В период, пока Константин искал новый творческий путь, он больше, чем когда-либо, нуждался в общении. Оно было ему необходимо, чтобы опробовать на зрителе все, что выходило из-под его кисти. Васильев стал приглашать друзей на обсуждение завершенных работ, чего с ним раньше никогда не было. С Кузнецовым, учившимся еще в те годы в Москве, делился замыслами и, как правило, приглашал в каникулы приехать посмотреть картины. Звал, конечно, Шорникова, Пронина, других приятелей и с удовольствием выслушивал их критику.
Тонкий психолог, наделенный глубоким чувством такта, он был очень доброжелателен к своим товарищам. Даже в минуты занятости никогда не показывал, что к нему пришли не вовремя. Его манера держаться представляла собой соединение вежливой внимательности очень образованного, умного человека с чувством собственного достоинства художника, объективно оценивающего свой талант. При этом не было в нем и тени высокомерия или самолюбования. Талантливый собеседник, Константин остро чувствовал истинные духовные устремления и внутренний мир человека, с которым общался.
Несколько замкнутый, но по-настоящему интеллигентный, Юрий Михалкин видел в Константине собеседника, друга, способного понять тончайшие движения его души, души человека со сложной судьбой. Они часами могли говорить о музыке, живописи… Константин быстро улавливал суть рассуждений своего собеседника и живо откликался на них, тут же развивая мысль дальше. Как-то Михалкин признался ему: «Мне больше нравятся не твои картины, а крошечные этюды маслом, которые посвящены всего лишь одному одуванчику с разными травками вокруг, или коре на сосне, освещенной солнцем. В них я вижу то богатство и то единство тона, которое можно встретить только в природе». Константин, как ни странно, согласился с ним, заметив, что он и сам их очень любит. Затем встал, подошел к столу, на котором были разложены многочисленные репродукции, и выбрал среди них одну — Рембрандта «Саския на коленях», больших размеров, очень качественную, с великолепной цветопередачей и со следами старения картины. «Взгляни на эти трещины, пятна, на места, тронутые временем. Один этот кусочек картины можно воспринимать как самостоятельное произведение, словно так и было задумано автором…»

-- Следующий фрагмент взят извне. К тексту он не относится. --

text \<open>An integrable function whose integrals over all rays \<open>(a, \<infinity>)\<close> vanish is zero almost
  everywhere: its positive and negative parts define the same measure.\<close>

lemma ae_zero_if_ray_integrals_vanish:
  fixes g :: "real \<Rightarrow> real"
  assumes g: "integrable lborel g"
    and z: "\<And>a. (LINT x|lborel. indicator {a<..} x * g x) = 0"
  shows "AE x in lborel. g x = 0"
proof -
  have gm[measurable]: "g \<in> borel_measurable borel" using g by auto
  let ?M = "density lborel (\<lambda>x. ennreal (g x))"
  let ?N = "density lborel (\<lambda>x. ennreal (- g x))"
  have eq: "emeasure ?M {a<..} = emeasure ?N {a<..}" for a
  proof -
    define h where "h x = indicator {a<..} x * g x" for x
    have hi: "integrable lborel h" unfolding h_def
      using integrable_mult_indicator[of "{a<..}" lborel g] g by simp
    have hp: "integrable lborel (\<lambda>x. max 0 (h x))" "integrable lborel (\<lambda>x. max 0 (- h x))"
      using hi by auto
    have "(LINT x|lborel. h x) = (LINT x|lborel. max 0 (h x) - max 0 (- h x))"
      by (intro Bochner_Integration.integral_cong) (auto simp: max_def)
    then have "(LINT x|lborel. max 0 (h x)) = (LINT x|lborel. max 0 (- h x))"
      using hp z[of a] by (simp add: h_def Bochner_Integration.integral_diff)
    then have "(\<integral>\<^sup>+x. ennreal (max 0 (h x)) \<partial>lborel) = (\<integral>\<^sup>+x. ennreal (max 0 (- h x)) \<partial>lborel)"
      using hp by (simp add: nn_integral_eq_integral)
    then have "(\<integral>\<^sup>+x. ennreal (h x) \<partial>lborel) = (\<integral>\<^sup>+x. ennreal (- h x) \<partial>lborel)"
      by (simp add: ennreal_max_0)
    moreover have "(\<integral>\<^sup>+x. ennreal (h x) \<partial>lborel) = (\<integral>\<^sup>+x. ennreal (g x) * indicator {a<..} x \<partial>lborel)"
      "(\<integral>\<^sup>+x. ennreal (- h x) \<partial>lborel) = (\<integral>\<^sup>+x. ennreal (- g x) * indicator {a<..} x \<partial>lborel)"
      by (auto intro!: nn_integral_cong simp: h_def indicator_def)
    ultimately show ?thesis by (simp add: emeasure_density)
  qed
  have fin: "emeasure ?M {a<..} < \<infinity>" for a
  proof -
    have "emeasure ?M {a<..} = (\<integral>\<^sup>+x. ennreal (g x) * indicator {a<..} x \<partial>lborel)"
      by (simp add: emeasure_density)
    also have "\<dots> \<le> (\<integral>\<^sup>+x. ennreal (norm (g x)) \<partial>lborel)"
      by (intro nn_integral_mono) (auto simp: indicator_def)
    also have "\<dots> < \<infinity>" using g by (simp add: integrable_iff_bounded)
    finally show ?thesis .
  qed
  have "?M = ?N"
    by (rule measure_eqI_lessThan) (use eq fin in auto)
  then have "AE x in lborel. ennreal (g x) = ennreal (- g x)"
    by (intro sigma_finite_measure.density_unique[OF sigma_finite_lborel]) auto
  then show ?thesis
  proof (rule AE_mp, intro AE_I2 impI)
    fix x assume "ennreal (g x) = ennreal (- g x)"
    then show "g x = 0"
      by (cases "g x > 0"; cases "g x < 0") (auto simp: ennreal_neg)
  qed
qed

text \<open>A locally integrable function whose integrals over all compact intervals vanish is zero
  almost everywhere (apply the previous lemma to its restrictions to \<open>[-n, n]\<close>).\<close>

lemma ae_zero_if_interval_integrals_vanish:
  fixes f :: "real \<Rightarrow> real"
  assumes f[measurable]: "f \<in> borel_measurable borel"
    and si: "\<And>a b. set_integrable lborel {a..b} f"
    and z: "\<And>a b. a \<le> b \<Longrightarrow> (LINT x:{a..b}|lborel. f x) = 0"
  shows "AE x in lborel. f x = 0"
proof -
  have n: "AE x in lborel. indicator {- real n..real n} x * f x = 0" for n :: nat
  proof (rule ae_zero_if_ray_integrals_vanish)
    show "integrable lborel (\<lambda>x. indicator {- real n..real n} x * f x)"
      using si[of "- real n" "real n"] by (simp add: set_integrable_def)
    fix a :: real
    have "AE x in lborel. indicator {a<..} x * (indicator {- real n..real n} x * f x)
       = indicator {max a (- real n)..real n} x * f x"
      using AE_lborel_singleton[of a] by eventually_elim (auto simp: indicator_def)
    then have "(LINT x|lborel. indicator {a<..} x * (indicator {- real n..real n} x * f x))
        = (LINT x|lborel. indicator {max a (- real n)..real n} x * f x)"
      by (rule integral_cong_AE[rotated 2]) auto
    also have "\<dots> = 0"
      using z[of "max a (- real n)" "real n"] by (cases "max a (- real n) \<le> real n")
        (auto simp: set_lebesgue_integral_def)
    finally show "(LINT x|lborel. indicator {a<..} x * (indicator {- real n..real n} x * f x)) = 0" .
  qed
  have "AE x in lborel. \<forall>n::nat. indicator {- real n..real n} x * f x = 0"
    unfolding AE_all_countable using n by blast
  then show ?thesis
  proof (rule AE_mp, intro AE_I2 impI)
    fix x assume H: "\<forall>n::nat. indicator {- real n..real n} x * f x = 0"
    obtain n :: nat where "\<bar>x\<bar> \<le> real n" using real_arch_simple by blast
    then show "f x = 0" using H[rule_format, of n] by (auto simp: indicator_def split: if_splits)
  qed
qed

lemma ac_deriv_ae_unique:
  assumes d: "ac_deriv q d" and e: "ac_deriv q e"
  shows "AE x in lborel. e x = d x"
proof -
  note [measurable] = ac_deriv_measurable[OF d] ac_deriv_measurable[OF e]
  have "AE x in lborel. e x - d x = 0"
  proof (rule ae_zero_if_interval_integrals_vanish)
    show "set_integrable lborel {a..b} (\<lambda>x. e x - d x)" for a b
      using ac_deriv_set_integrable[OF d] ac_deriv_set_integrable[OF e] by auto
    show "(LINT x:{a..b}|lborel. e x - d x) = 0" if "a \<le> b" for a b
      using ac_deriv_set_integrable[OF d] ac_deriv_set_integrable[OF e] d e that
      by (simp add: ac_deriv_def)
  qed auto
  then show ?thesis by auto
qed

text \<open>The functions \<open>\<Phi>\<^sub>c(u) = arctan (c u) / c\<close> are uniformly small, while their derivatives
  \<open>1 / (1 + (c u)\<^sup>2)\<close> converge to the indicator of \<open>{0}\<close> as \<open>c \<rightarrow> \<infinity>\<close>.\<close>

lemma arctan_scaled_deriv:
  fixes c u :: real
  assumes "c > 0"
  shows "((\<lambda>u. arctan (c * u) / c) has_real_derivative inverse (1 + (c * u)\<^sup>2)) (at u)"
proof -
  have "((\<lambda>u. arctan (c * u)) has_real_derivative inverse (1 + (c * u)\<^sup>2) * (c * 1)) (at u)"
    by (rule DERIV_chain2[OF DERIV_arctan]) (auto intro!: derivative_eq_intros)
  from DERIV_cdivide[OF this, of c] show ?thesis using assms by simp
qed

lemma arctan_scaled_bound:
  fixes c u :: real
  assumes "c > 0"
  shows "\<bar>arctan (c * u) / c\<bar> \<le> pi / (2 * c)"
proof -
  have "\<bar>arctan (c * u)\<bar> \<le> pi / 2" using arctan_bounded[of "c * u"] by auto
  from divide_right_mono[OF this, of c] show ?thesis using assms by (simp add: abs_divide)
qed

lemma inverse_one_plus_sq_limit:
  fixes c :: real
  assumes "c \<noteq> 0"
  shows "(\<lambda>n. inverse (1 + (real (Suc n) * c)\<^sup>2)) \<longlonglongrightarrow> 0"
proof -
  have "c\<^sup>2 > 0" using assms by simp
  then have "(\<lambda>n. inverse (1 + real (Suc n) ^ 2 * c\<^sup>2)) \<longlonglongrightarrow> 0"
    by real_asymp
  then show ?thesis by (simp add: power_mult_distrib)
qed

lemma arctan_scaled_increment_limit:
  fixes u v :: real
  shows "(\<lambda>n. arctan (real (Suc n) * u) / real (Suc n) - arctan (real (Suc n) * v) / real (Suc n))
           \<longlonglongrightarrow> 0"
proof (rule Lim_null_comparison)
  let ?c = "\<lambda>n. real (Suc n)"
  have "norm (arctan (?c n * u) / ?c n - arctan (?c n * v) / ?c n)
      \<le> \<bar>arctan (?c n * u) / ?c n\<bar> + \<bar>arctan (?c n * v) / ?c n\<bar>" for n
    unfolding real_norm_def by (rule abs_triangle_ineq4)
  also have "\<dots> n \<le> pi / (2 * ?c n) + pi / (2 * ?c n)" for n
    by (intro add_mono arctan_scaled_bound) auto
  also have "\<dots> n = pi / ?c n" for n by (simp add: divide_simps)
  finally show "\<forall>\<^sub>F n in sequentially. norm (arctan (?c n * u) / ?c n - arctan (?c n * v) / ?c n)
      \<le> pi / ?c n"
    by simp
  show "(\<lambda>n. pi / ?c n) \<longlonglongrightarrow> 0" by real_asymp
qed

lemma cutoff_integral_limit:
  fixes q d :: "real \<Rightarrow> real"
  assumes ac: "ac_deriv q d"
  shows "(\<lambda>n. LINT x:{a..b}|lborel. inverse (1 + (real (Suc n) * q x)\<^sup>2) * d x)
           \<longlonglongrightarrow> (LINT x:{a..b}|lborel. indicator {x. q x = 0} x * d x)"
proof -
  note [measurable] = ac_deriv_measurable[OF ac]
  show ?thesis
    unfolding set_lebesgue_integral_def
  proof (rule integral_dominated_convergence[where w = "\<lambda>x. indicator {a..b} x * \<bar>d x\<bar>"])
  show "integrable lborel (\<lambda>x. indicator {a..b} x * \<bar>d x\<bar>)"
    using integrable_abs[OF ac_deriv_set_integrable[OF ac, of a b, unfolded set_integrable_def]]
    by (simp add: abs_mult)
  show "AE x in lborel. (\<lambda>n. indicator {a..b} x *\<^sub>R (inverse (1 + (real (Suc n) * q x)\<^sup>2) * d x))
      \<longlonglongrightarrow> indicator {a..b} x *\<^sub>R (indicator {x. q x = 0} x * d x)"
  proof (intro AE_I2)
    fix x
    have "(\<lambda>n. inverse (1 + (real (Suc n) * q x)\<^sup>2)) \<longlonglongrightarrow> indicator {x. q x = 0} x"
      using inverse_one_plus_sq_limit[of "q x"] by (cases "q x = 0") simp_all
    then show "(\<lambda>n. indicator {a..b} x *\<^sub>R (inverse (1 + (real (Suc n) * q x)\<^sup>2) * d x))
        \<longlonglongrightarrow> indicator {a..b} x *\<^sub>R (indicator {x. q x = 0} x * d x)"
      by (auto intro!: tendsto_intros)
  qed
  show "AE x in lborel. norm (indicator {a..b} x *\<^sub>R (inverse (1 + (real (Suc n) * q x)\<^sup>2) * d x))
      \<le> indicator {a..b} x * \<bar>d x\<bar>" for n
    by (intro AE_I2) (auto simp: indicator_def abs_mult inverse_le_1_iff intro!: mult_left_le_one_le)
  qed measurable
qed

text \<open>The derivative of an absolutely continuous function integrates to zero over its zero set:
  by the chain rule \<open>\<integral>\<^sub>a\<^sup>b q' / (1 + (n q)\<^sup>2) = \<Phi>\<^sub>n(q b) - \<Phi>\<^sub>n(q a)\<close>, and the two sides
  converge to \<open>\<integral>\<^sub>a\<^sup>b q' \<cdot> 1{q = 0}\<close> and to \<open>0\<close>, respectively.\<close>

lemma deriv_integral_on_zero_set:
  fixes q d :: "real \<Rightarrow> real"
  assumes ac: "ac_deriv q d" and ab: "a \<le> b"
  shows "(LINT x:{a..b}|lborel. indicator {x. q x = 0} x * d x) = 0"
proof -
  note [measurable] = ac_deriv_measurable[OF ac]
  let ?c = "\<lambda>n. real (Suc n)"
  have chain: "arctan (?c n * q b) / ?c n - arctan (?c n * q a) / ?c n
      = (LINT x:{a..b}|lborel. inverse (1 + (?c n * q x)\<^sup>2) * d x)" for n
  proof -
    have si: "set_integrable lborel {a..b} (\<lambda>x. inverse (1 + (?c n * q x)\<^sup>2) * d x)"
      using ac_deriv_set_integrable[OF ac, of a b] unfolding set_integrable_def
      by (rule Bochner_Integration.integrable_bound)
        (auto simp: indicator_def abs_mult inverse_le_1_iff intro!: mult_left_le_one_le)
    have c0: "?c n > 0" by simp
    have "continuous_on UNIV (\<lambda>u. inverse (1 + (?c n * u)\<^sup>2))"
      by (intro continuous_intros) (metis add_pos_nonneg zero_less_one zero_le_power2 less_irrefl)
    from chain_rule_ac[OF ac arctan_scaled_deriv[OF c0] this ab]
    show ?thesis using set_borel_integral_eq_integral(2)[OF si] by simp
  qed
  have "(\<lambda>n. LINT x:{a..b}|lborel. inverse (1 + (?c n * q x)\<^sup>2) * d x) \<longlonglongrightarrow> 0"
    using arctan_scaled_increment_limit[of "q b" "q a"] by (simp only: chain)
  from LIMSEQ_unique[OF cutoff_integral_limit[OF ac] this] show ?thesis .
qed

lemma deriv_vanishes_on_zero_set:
  fixes q d :: "real \<Rightarrow> real"
  assumes ac: "ac_deriv q d"
  shows "AE x in lborel. q x = 0 \<longrightarrow> d x = 0"
proof -
  note [measurable] = ac_deriv_measurable[OF ac]
  have "AE x in lborel. indicator {x. q x = 0} x * d x = 0"
  proof (rule ae_zero_if_interval_integrals_vanish)
    show "set_integrable lborel {a..b} (\<lambda>x. indicator {x. q x = 0} x * d x)" for a b
      using ac_deriv_set_integrable[OF ac, of a b] unfolding set_integrable_def
      by (rule Bochner_Integration.integrable_bound) (auto simp: indicator_def)
  qed (use deriv_integral_on_zero_set[OF ac] in auto)
  then show ?thesis by (rule AE_mp) (auto simp: indicator_def)
qed

definition fisher_weight :: "(real \<Rightarrow> real) \<Rightarrow> (real \<Rightarrow> real) \<Rightarrow> real \<Rightarrow> real" where
  "fisher_weight q d x = (if q x > 0 then (d x)\<^sup>2 / q x else 0)"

Завороженному Михалкину казалось, что бот сейчас, при нем, совершается некое таинство: словами создавая цветовую феерию, Константин как бы строил, чертил, образовывал цвета и тени. «Не случайно к Косте все тянутся, как на паломничество, — думал Юрий, слушая рассуждения товарища, — колоссальный заряд получаешь от него».
А иной раз друзья приходили к нему просто так, отдохнуть, и он, улавливая их настроение, принимался вдруг цитировать Хлестакова Гоголя или капитана Лебядкина Достоевского, тем самым как бы предлагая друзьям: «Раз вы не можете ничем серьезным себя занять, ну хоть поиграйте, посмейтесь над собой…»
Случалось, веселое настроение переполняло ребят. Появилось у Константина как-то желание написать портрет Кузнецова — этого крепкого кряжистого мужичка — с петухом в руках. Соседский петух, на которого Костя давно и с интересом поглядывал, имел какую-то совершенно необыкновенную раскраску. Ребята попытались отловить его хотя бы на время одного сеанса. Но хозяйка заметила их агрессивные действия, и уже не могло быть и речи о том, чтобы попросить птицу «напрокат».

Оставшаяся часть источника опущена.